The deep breaths never work.

Ring. Ring. “What.”

“Um hello, Ms. Black. This is [—] with [—]. I’m Ms. Tambora’s preventive worker.”

I don’t know why I’m so nervous. The panic is back.

“Oh yes, the prostitute.”

“Well, about that. She’s actually a very good mother. I don’t think – -”

“Do you need something?”

“I thought it would help if I joined you when you make a home visit to the family.”

“Fine. 3 o’ clock today.”

“Great. I’ll let Ms. Tambora know to expect us.”

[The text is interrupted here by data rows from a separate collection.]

lemma sublevel_recession_direction:
  fixes M :: "real^'n^'n" and y :: "'a \<Rightarrow> real^'n"
  assumes "F \<noteq> bot" "1 \<le> r"
    and sublevel: "\<forall>\<^sub>F k in F. y k \<in> sparse_set s \<and> f_r M q r (y k) \<le> \<gamma>"
    and T: "filterlim T at_top F" and lim: "((\<lambda>k. y k /\<^sub>R T k) \<longlongrightarrow> d) F"
  shows "d \<in> lcp_sol M 0 \<inter> sparse_set s"
proof
  have "((\<lambda>k. q /\<^sub>R T k) \<longlongrightarrow> 0) F"
    using tendsto_scaleR[OF tendsto_inverse_0_at_top[OF T] tendsto_const, of q] by simp
  with lim have "((\<lambda>k. M *v (y k /\<^sub>R T k) + q /\<^sub>R T k) \<longlongrightarrow> M *v d + 0) F"
    by (intro tendsto_add isCont_tendsto_compose[OF matrix_vector_mult_linear_continuous_at])
  then have lim_w: "((\<lambda>k. (M *v y k + q) /\<^sub>R T k) \<longlongrightarrow> M *v d) F"
    by (simp add: matrix_vector_mult_scaleR scaleR_add_right)
  have "0 \<le> d$i \<and> 0 \<le> (M *v d)$i \<and> d$i * (M *v d)$i = 0" for i
  proof -
    let ?a = "\<lambda>k. y k $ i" and ?b = "\<lambda>k. (M *v y k + q) $ i"
    define C where "C = max 1 (r * \<gamma>)"
    have bounds: "\<forall>\<^sub>F k in F. -C \<le> ?a k \<and> -C \<le> ?b k \<and> max (?a k) 0 * max (?b k) 0 \<le> C"
      using sublevel
    proof eventually_elim
      case (elim k)
      then show ?case
        using f_r_le_imp_component_bounds[OF \<open>1 \<le> r\<close>, of M q "y k" \<gamma> i]
        unfolding C_def by blast
    qed
    have lim_a: "((\<lambda>k. ?a k / T k) \<longlongrightarrow> d$i) F"
      and lim_b: "((\<lambda>k. ?b k / T k) \<longlongrightarrow> (M *v d)$i) F"
      using tendsto_vec_nth[OF lim, of i] tendsto_vec_nth[OF lim_w, of i]
      by (simp_all add: divide_inverse_commute)
    note bounds' = eventually_mono[OF bounds]
    have "0 \<le> d$i"
      by (rule scaled_limit_nonneg[where C = C, OF assms(1) T bounds' lim_a]) simp
    moreover have "0 \<le> (M *v d)$i"
      by (rule scaled_limit_nonneg[where C = C, OF assms(1) T bounds' lim_b]) simp
    moreover have "max (d$i) 0 * max ((M *v d)$i) 0 = 0"
      by (rule scaled_limit_complementary[where C = C, OF assms(1) T bounds' lim_a lim_b]) simp
    ultimately show ?thesis
      by simp
  qed
  then show "d \<in> lcp_sol M 0"
    by (simp add: lcp_sol_iff)
  have "\<forall>\<^sub>F k in F. y k /\<^sub>R T k \<in> sparse_set s"
    using sublevel by eventually_elim (simp add: sparse_set_scaleR)
  then show "d \<in> sparse_set s"
    by (rule Lim_in_closed_set[OF closed_sparse_set _ assms(1) lim])
qed

lemma bounded_sparse_sublevel_set:
  fixes M :: "real^'n^'n"
  assumes "Ps_matrix s M" "1 \<le> r"
  shows "bounded {x \<in> sparse_set s. f_r M q r x \<le> \<gamma>}" (is "bounded ?L")
proof (rule ccontr)
  assume "\<not> bounded ?L"
  then have "\<forall>k::nat. \<exists>x\<in>?L. real k < norm x"
    unfolding bounded_iff by (meson not_le)
  then obtain x where x: "\<And>k. x k \<in> ?L" and x_large: "\<And>k. real k < norm (x k)"
    by metis
  have "0 < norm (x k)" for k
    using x_large[of k] of_nat_0_le_iff[of k] by linarith
  then have unit: "\<forall>k. x k /\<^sub>R norm (x k) \<in> sphere 0 1"
    by simp
  obtain d \<sigma> where "d \<in> sphere 0 1" "strict_mono \<sigma>"
    and "((\<lambda>k. x k /\<^sub>R norm (x k)) \<circ> \<sigma>) \<longlonglongrightarrow> d"
    using seq_compactE[OF compact_imp_seq_compact[OF compact_sphere] unit] by blast
  then have lim: "((\<lambda>k. x (\<sigma> k) /\<^sub>R norm (x (\<sigma> k))) \<longlongrightarrow> d) sequentially"
    by (simp add: comp_def)
  have "filterlim (\<lambda>k. norm (x (\<sigma> k))) at_top sequentially"
    using x_large seq_suble[OF \<open>strict_mono \<sigma>\<close>]
    by (intro filterlim_at_top_mono[OF filterlim_real_sequentially] always_eventually allI)
      (metis less_imp_le of_nat_le_iff order_trans)
  with x lim have "d \<in> lcp_sol M 0 \<inter> sparse_set s"
    by (intro sublevel_recession_direction[where q = q and \<gamma> = \<gamma>, OF _ \<open>1 \<le> r\<close>]) simp_all
  with Ps_matrix_sparse_lcp_sol_0[OF assms(1)] \<open>d \<in> sphere 0 1\<close> show False
    by auto
qed

theorem theorem4p4:
  fixes M :: "real^'n^'n" and q :: "real^'n" and r :: real and s :: nat
  assumes "Ps_matrix s M" and "r \<ge> 2"
  shows "(\<forall>\<gamma>\<ge>0. bounded {x \<in> sparse_set s. f_r M q r x \<le> \<gamma>})
         \<and> lcp_sol M q \<inter> sparse_set s \<subseteq> argmin_on (f_r M q r) (sparse_set s)
         \<and> bounded (lcp_sol M q \<inter> sparse_set s)
         \<and> bounded (argmin_on (f_r M q r) (sparse_set s))"
proof -
  have r: "1 \<le> r" "0 \<le> r"
    using assms(2) by simp_all
  have sublevel: "bounded {x \<in> sparse_set s. f_r M q r x \<le> \<gamma>}" for \<gamma>
    by (rule bounded_sparse_sublevel_set[OF assms(1) r(1)])
  have "lcp_sol M q \<inter> sparse_set s \<subseteq> argmin_on (f_r M q r) (sparse_set s)"
    using r(2) by (auto simp: argmin_on_def lcp_sol_imp_f_r_eq_0 f_r_nonneg)
  moreover have "lcp_sol M q \<inter> sparse_set s \<subseteq> {x \<in> sparse_set s. f_r M q r x \<le> 0}"
    by (auto simp: lcp_sol_imp_f_r_eq_0)
  moreover have "argmin_on (f_r M q r) (sparse_set s)
      \<subseteq> {x \<in> sparse_set s. f_r M q r x \<le> f_r M q r 0}"
    by (auto simp: argmin_on_def sparse_set_def)
  ultimately show ?thesis
    using sublevel bounded_subset by blast
qed

end
(* Let $G$ be a finite group and let $\chi$ be the character of an irreducible complex representation of $G$ that is realizable over $\mathbb{R}$. Write $\chi\otimes\chi=a_1\chi_1+\cdots+a_q\chi_q$ with positive integers $a_i$ and irreducible characters $\chi_i$ of dimensions $n_i=\chi_i(1)$. Then for every $g\in G$, $$c(g)\le\frac{(a_1/n_1^2)\chi_1(g)+\cdots+(a_q/n_q^2)\chi_q(g)}{a_1n_1+\cdots+a_qn_q},\qquad c(G)\le\frac{a_1/n_1+\cdots+a_q/n_q}{a_1n_1+\cdots+a_qn_q}.$$
   Context: For $g\in G$, $c(g)=|\{(x,y)\in G\times G:[x,y]=g\}|/|G|^2$, and $c(G)=c(1)$. *)

theory Defs
  imports "HOL-Algebra.Group" "Jordan_Normal_Form.Matrix"
begin

definition is_rep :: "('a, 'b) monoid_scheme \<Rightarrow> nat \<Rightarrow> ('a \<Rightarrow> complex mat) \<Rightarrow> bool" where
  "is_rep G n \<rho> \<longleftrightarrow>
     (\<forall>g\<in>carrier G. \<rho> g \<in> carrier_mat n n) \<and>
     (\<forall>g\<in>carrier G. \<forall>h\<in>carrier G. \<rho> (g \<otimes>\<^bsub>G\<^esub> h) = \<rho> g * \<rho> h) \<and>
     \<rho> \<one>\<^bsub>G\<^esub> = 1\<^sub>m n"

definition is_subspace_vec :: "nat \<Rightarrow> complex vec set \<Rightarrow> bool" where
  "is_subspace_vec n W \<longleftrightarrow> W \<subseteq> carrier_vec n \<and> 0\<^sub>v n \<in> W \<and>
     (\<forall>v\<in>W. \<forall>w\<in>W. v + w \<in> W) \<and> (\<forall>c. \<forall>v\<in>W. c \<cdot>\<^sub>v v \<in> W)"

definition invariant_subspace :: "('a, 'b) monoid_scheme \<Rightarrow> nat \<Rightarrow> ('a \<Rightarrow> complex mat) \<Rightarrow> complex vec set \<Rightarrow> bool" where
  "invariant_subspace G n \<rho> W \<longleftrightarrow> is_subspace_vec n W \<and>
     (\<forall>g\<in>carrier G. \<forall>w\<in>W. \<rho> g *\<^sub>v w \<in> W)"

definition irreducible_rep :: "('a, 'b) monoid_scheme \<Rightarrow> nat \<Rightarrow> ('a \<Rightarrow> complex mat) \<Rightarrow> bool" where
  "irreducible_rep G n \<rho> \<longleftrightarrow> is_rep G n \<rho> \<and> n > 0 \<and>
     (\<forall>W. invariant_subspace G n \<rho> W \<longrightarrow> W = {0\<^sub>v n} \<or> W = carrier_vec n)"

definition realizable_over_R :: "('a, 'b) monoid_scheme \<Rightarrow> nat \<Rightarrow> ('a \<Rightarrow> complex mat) \<Rightarrow> bool" where
  "realizable_over_R G n \<rho> \<longleftrightarrow>
     (\<exists>P Q. P \<in> carrier_mat n n \<and> Q \<in> carrier_mat n n \<and> P * Q = 1\<^sub>m n \<and> Q * P = 1\<^sub>m n \<and>
        (\<forall>g\<in>carrier G. \<forall>i<n. \<forall>j<n. (Q * \<rho> g * P) $$ (i, j) \<in> \<real>))"

definition mat_trace :: "complex mat \<Rightarrow> complex" where
  "mat_trace A = (\<Sum>i<dim_row A. A $$ (i, i))"

definition character :: "('a \<Rightarrow> complex mat) \<Rightarrow> 'a \<Rightarrow> complex" where
  "character \<rho> g = mat_trace (\<rho> g)"

definition commutator :: "('a, 'b) monoid_scheme \<Rightarrow> 'a \<Rightarrow> 'a \<Rightarrow> 'a" where
  "commutator G x y = inv\<^bsub>G\<^esub> x \<otimes>\<^bsub>G\<^esub> inv\<^bsub>G\<^esub> y \<otimes>\<^bsub>G\<^esub> x \<otimes>\<^bsub>G\<^esub> y"
(* (Explicit Rayleigh's Monotonicity Law II.) Let $\Gamma$ be a metrized graph, let $e_i$ be an edge of $\Gamma$ with end points $p_i,q_i$ and length $L_i$, and let $\Gamma'$ be the metrized graph obtained from $\Gamma$ by replacing $e_i$ by an edge $e_i'$ with the same end points and length $L_i'>0$. For $s,t\in\Gamma-e_i$: if $e_i$ is not a bridge, $$r(s,t)=r_{\Gamma'}(s,t)+\frac{L_i-L_i'}{(L_i+R_i)(L_i'+R_i)}\big(j^{\Gamma-e_i}_{p_i}(q_i,s)-j^{\Gamma-e_i}_{p_i}(q_i,t)\big)^2 .$$ If $e_i$ is a bridge, then $r(s,t)=r_{\Gamma'}(s,t)$ when $s,t$ lie in the same connected component of $\Gamma-e_i$, and $r(s,t)=r_{\Gamma'}(s,t)+L_i-L_i'$ otherwise. In particular, if $e_i$ is not a bridge and $L_i>L_i'$, then $r(s,t)\ge r_{\Gamma'}(s,t)$ with equality iff $j^{\Gamma-e_i}_{p_i}(q_i,s)=j^{\Gamma-e_i}_{p_i}(q_i,t)$; if $e_i$ is a bridge and $L_i>L_i'$, then $r(s,t)\ge r_{\Gamma'}(s,t)$ with equality iff $s$ and $t$ are in the same connected component of $\Gamma-e_i$.
   Context: A metrized graph $\Gamma$ is a finite connected graph (multiple edges and self-loops allowed) in which each edge is identified with a closed line segment of positive length. $\Gamma$ is regarded as a resistive electric circuit in which each edge is a resistor whose resistance equals its length. $r(x,y)$ is the effective resistance; $j_z(x,y)$ is the voltage at $x$ when a unit current enters at $y$ and exits at $z$, with reference voltage $0$ at $z$. $\Gamma-e_i$ is obtained by deleting the interior of $e_i$; $e_i$ is a bridge if $\Gamma-e_i$ is disconnected; for non-bridge $e_i$, $R_i:=r_{\Gamma-e_i}(p_i,q_i)$, and $j^{\Gamma-e_i}$ is the voltage function on $\Gamma-e_i$. *)

theory Defs
  imports Complex_Main
begin

text \<open>A metrized graph is given combinatorially: a finite vertex set, a finite edge set
(multiple edges and self-loops allowed), the ordered pair of end points of each edge and
a positive length for each edge. Edge e is identified with the segment [0, len e], with
0 corresponding to fst (ends e) and len e to snd (ends e).\<close>

record ('v,'e) mgraph =
  verts :: "'v set"
  edges :: "'e set"
  ends  :: "'e \<Rightarrow> 'v \<times> 'v"
  len   :: "'e \<Rightarrow> real"

text \<open>Points of a metrized graph: vertices, or interior points of edges
(Inner e t is the point at distance t from fst (ends e) along e).\<close>

datatype ('v,'e) pt = Vert 'v | Inner 'e real

definition points :: "('v,'e) mgraph \<Rightarrow> ('v,'e) pt set" where
  "points G = Vert ` verts G \<union> {Inner e t |e t. e \<in> edges G \<and> 0 < t \<and> t < len G e}"

definition edge_pt :: "('v,'e) mgraph \<Rightarrow> 'e \<Rightarrow> real \<Rightarrow> ('v,'e) pt" where
  "edge_pt G e t = (if t = 0 then Vert (fst (ends G e))
                    else if t = len G e then Vert (snd (ends G e)) else Inner e t)"

definition adj :: "('v,'e) mgraph \<Rightarrow> 'v \<Rightarrow> 'v \<Rightarrow> bool" where
  "adj G u v \<longleftrightarrow> (\<exists>e\<in>edges G. ends G e = (u, v) \<or> ends G e = (v, u))"

definition vconn :: "('v,'e) mgraph \<Rightarrow> 'v \<Rightarrow> 'v \<Rightarrow> bool" where
  "vconn G u v \<longleftrightarrow> (adj G)\<^sup>*\<^sup>* u v"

“Please don’t. I like to catch families when they don’t expect me. I don’t want her having time to hide anything.”

“Fine.”

“3 o’clock. I’ll be wearing black.”

“Really?”

“Really what?”

“Nothing. See you at 3.”

I hang up the phone. The panic is gone again. This time it’s anger that’s pushing it down. A righteous, durable anger.

My next call is to Ms. Tambora.

* * * * * * * * *

I show up 30 minutes early to prepare Ms. Tambora, but when I knock on the door Ms. Black is already there. “Bitch,” I think. She’s standing above Ms. Tambora, who’s sitting at her kitchen table. A framed picture of her daughter is on a curio shelf behind her; as always, she’s clutching her daughter on her lap.

Ms. Black is younger than I expected – about my age, late twenties – white and, as she said, dressed entirely in black. I wonder if she was aware of the symbolism when she got dressed this morning – a woman in black, here to take your children.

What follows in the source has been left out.